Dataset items
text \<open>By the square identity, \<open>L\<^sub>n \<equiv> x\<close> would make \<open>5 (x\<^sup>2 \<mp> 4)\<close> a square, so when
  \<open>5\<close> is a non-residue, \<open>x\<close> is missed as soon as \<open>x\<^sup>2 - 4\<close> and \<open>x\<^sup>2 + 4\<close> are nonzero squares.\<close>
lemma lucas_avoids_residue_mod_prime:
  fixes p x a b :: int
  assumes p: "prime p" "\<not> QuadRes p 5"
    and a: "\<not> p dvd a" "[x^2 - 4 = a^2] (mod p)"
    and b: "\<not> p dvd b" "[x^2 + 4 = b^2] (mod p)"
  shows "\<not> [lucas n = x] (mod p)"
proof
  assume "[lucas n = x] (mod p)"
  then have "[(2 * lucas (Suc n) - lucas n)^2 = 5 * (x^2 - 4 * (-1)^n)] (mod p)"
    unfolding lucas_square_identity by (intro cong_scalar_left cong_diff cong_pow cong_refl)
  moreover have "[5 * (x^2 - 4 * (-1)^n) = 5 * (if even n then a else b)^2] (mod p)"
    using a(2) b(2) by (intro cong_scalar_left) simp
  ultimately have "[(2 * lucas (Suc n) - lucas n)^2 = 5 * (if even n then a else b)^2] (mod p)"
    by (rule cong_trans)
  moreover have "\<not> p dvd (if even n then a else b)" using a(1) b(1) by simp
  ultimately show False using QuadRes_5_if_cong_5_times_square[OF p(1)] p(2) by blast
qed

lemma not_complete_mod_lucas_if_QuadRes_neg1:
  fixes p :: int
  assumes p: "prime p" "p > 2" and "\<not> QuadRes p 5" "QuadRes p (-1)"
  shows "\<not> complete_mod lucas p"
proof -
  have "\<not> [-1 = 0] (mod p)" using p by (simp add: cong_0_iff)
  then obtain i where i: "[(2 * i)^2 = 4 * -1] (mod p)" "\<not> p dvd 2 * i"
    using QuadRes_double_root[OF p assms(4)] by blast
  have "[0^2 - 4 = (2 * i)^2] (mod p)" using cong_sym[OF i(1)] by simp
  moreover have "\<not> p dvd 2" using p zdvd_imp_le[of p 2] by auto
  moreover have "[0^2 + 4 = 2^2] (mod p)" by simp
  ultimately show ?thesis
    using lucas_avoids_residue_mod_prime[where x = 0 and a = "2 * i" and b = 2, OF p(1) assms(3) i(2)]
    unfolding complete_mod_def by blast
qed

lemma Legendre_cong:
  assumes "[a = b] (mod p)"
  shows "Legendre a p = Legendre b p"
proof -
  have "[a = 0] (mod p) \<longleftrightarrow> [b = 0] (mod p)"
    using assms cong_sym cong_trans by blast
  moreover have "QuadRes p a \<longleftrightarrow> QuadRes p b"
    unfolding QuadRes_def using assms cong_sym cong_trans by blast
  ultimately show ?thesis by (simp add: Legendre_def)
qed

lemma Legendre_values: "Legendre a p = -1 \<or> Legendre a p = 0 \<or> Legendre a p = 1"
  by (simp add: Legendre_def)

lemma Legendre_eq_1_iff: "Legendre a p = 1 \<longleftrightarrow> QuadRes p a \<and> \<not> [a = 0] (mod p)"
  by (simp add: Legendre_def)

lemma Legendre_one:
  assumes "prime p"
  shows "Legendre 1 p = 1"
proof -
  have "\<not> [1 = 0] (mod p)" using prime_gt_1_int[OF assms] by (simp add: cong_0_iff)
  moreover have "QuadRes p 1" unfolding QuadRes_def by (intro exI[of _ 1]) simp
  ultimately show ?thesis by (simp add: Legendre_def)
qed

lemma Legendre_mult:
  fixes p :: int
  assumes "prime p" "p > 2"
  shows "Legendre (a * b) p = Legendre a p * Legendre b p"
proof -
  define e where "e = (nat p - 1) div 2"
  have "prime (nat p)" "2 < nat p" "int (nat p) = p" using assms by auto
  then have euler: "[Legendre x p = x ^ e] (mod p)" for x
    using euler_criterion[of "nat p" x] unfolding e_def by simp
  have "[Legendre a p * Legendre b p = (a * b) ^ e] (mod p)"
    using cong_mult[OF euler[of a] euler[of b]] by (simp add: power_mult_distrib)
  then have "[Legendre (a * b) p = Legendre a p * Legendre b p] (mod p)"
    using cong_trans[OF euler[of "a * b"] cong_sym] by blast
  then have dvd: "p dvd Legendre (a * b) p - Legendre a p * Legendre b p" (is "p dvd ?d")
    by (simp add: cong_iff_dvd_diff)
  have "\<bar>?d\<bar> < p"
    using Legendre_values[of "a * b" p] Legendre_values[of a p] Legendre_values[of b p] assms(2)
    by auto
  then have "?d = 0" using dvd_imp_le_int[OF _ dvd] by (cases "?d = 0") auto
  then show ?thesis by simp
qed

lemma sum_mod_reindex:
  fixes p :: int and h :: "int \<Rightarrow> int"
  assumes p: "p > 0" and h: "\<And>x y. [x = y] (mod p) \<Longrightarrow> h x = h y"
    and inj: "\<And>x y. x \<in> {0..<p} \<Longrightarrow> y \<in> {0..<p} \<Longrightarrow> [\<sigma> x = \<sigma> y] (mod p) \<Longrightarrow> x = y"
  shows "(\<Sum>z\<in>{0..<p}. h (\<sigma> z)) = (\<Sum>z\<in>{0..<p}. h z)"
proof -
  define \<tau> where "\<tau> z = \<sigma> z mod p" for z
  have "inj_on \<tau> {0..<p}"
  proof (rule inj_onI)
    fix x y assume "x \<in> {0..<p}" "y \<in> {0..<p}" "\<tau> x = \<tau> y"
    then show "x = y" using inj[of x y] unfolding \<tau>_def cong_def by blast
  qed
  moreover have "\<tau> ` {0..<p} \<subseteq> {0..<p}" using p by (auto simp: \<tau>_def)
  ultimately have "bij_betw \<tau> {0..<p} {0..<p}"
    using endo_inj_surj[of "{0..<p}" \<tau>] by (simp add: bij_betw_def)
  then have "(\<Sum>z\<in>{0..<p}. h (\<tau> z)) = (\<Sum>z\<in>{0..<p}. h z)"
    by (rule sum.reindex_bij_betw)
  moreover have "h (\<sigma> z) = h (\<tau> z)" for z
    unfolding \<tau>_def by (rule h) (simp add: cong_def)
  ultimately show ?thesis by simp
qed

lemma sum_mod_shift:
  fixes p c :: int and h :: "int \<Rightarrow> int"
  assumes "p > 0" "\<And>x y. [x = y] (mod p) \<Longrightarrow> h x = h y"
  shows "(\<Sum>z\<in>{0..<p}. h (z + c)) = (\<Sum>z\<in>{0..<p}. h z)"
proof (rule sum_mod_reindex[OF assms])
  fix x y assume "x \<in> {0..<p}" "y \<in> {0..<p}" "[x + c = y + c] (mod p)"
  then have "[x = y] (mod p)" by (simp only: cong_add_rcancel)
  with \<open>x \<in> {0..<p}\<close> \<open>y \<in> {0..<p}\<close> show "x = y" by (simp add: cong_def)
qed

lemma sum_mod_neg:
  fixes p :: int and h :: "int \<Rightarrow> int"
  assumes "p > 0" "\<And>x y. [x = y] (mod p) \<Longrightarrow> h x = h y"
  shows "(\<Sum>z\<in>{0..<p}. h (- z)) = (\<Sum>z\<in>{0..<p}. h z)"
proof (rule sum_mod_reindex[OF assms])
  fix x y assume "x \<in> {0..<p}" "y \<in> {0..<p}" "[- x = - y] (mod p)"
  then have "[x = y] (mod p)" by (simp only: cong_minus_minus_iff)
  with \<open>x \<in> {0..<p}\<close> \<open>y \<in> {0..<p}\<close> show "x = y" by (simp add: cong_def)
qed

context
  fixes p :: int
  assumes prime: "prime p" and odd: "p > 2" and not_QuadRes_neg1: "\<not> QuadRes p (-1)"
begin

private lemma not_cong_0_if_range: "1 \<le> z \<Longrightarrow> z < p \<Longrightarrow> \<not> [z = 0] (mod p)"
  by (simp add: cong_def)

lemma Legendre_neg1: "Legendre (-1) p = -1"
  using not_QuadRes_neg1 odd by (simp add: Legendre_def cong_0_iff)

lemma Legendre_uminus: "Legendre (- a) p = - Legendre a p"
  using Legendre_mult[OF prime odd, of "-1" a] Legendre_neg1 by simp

**Exercise objective**: Please return the lines above that run from the line containing "ultimately show False" to the line containing "then obtain i", inclusive, exactly and with no other lines.

**Reply**:
  ultimately show False using QuadRes_5_if_cong_5_times_square[OF p(1)] p(2) by blast
qed

lemma not_complete_mod_lucas_if_QuadRes_neg1:
  fixes p :: int
  assumes p: "prime p" "p > 2" and "\<not> QuadRes p 5" "QuadRes p (-1)"
  shows "\<not> complete_mod lucas p"
proof -
  have "\<not> [-1 = 0] (mod p)" using p by (simp add: cong_0_iff)
  then obtain i where i: "[(2 * i)^2 = 4 * -1] (mod p)" "\<not> p dvd 2 * i"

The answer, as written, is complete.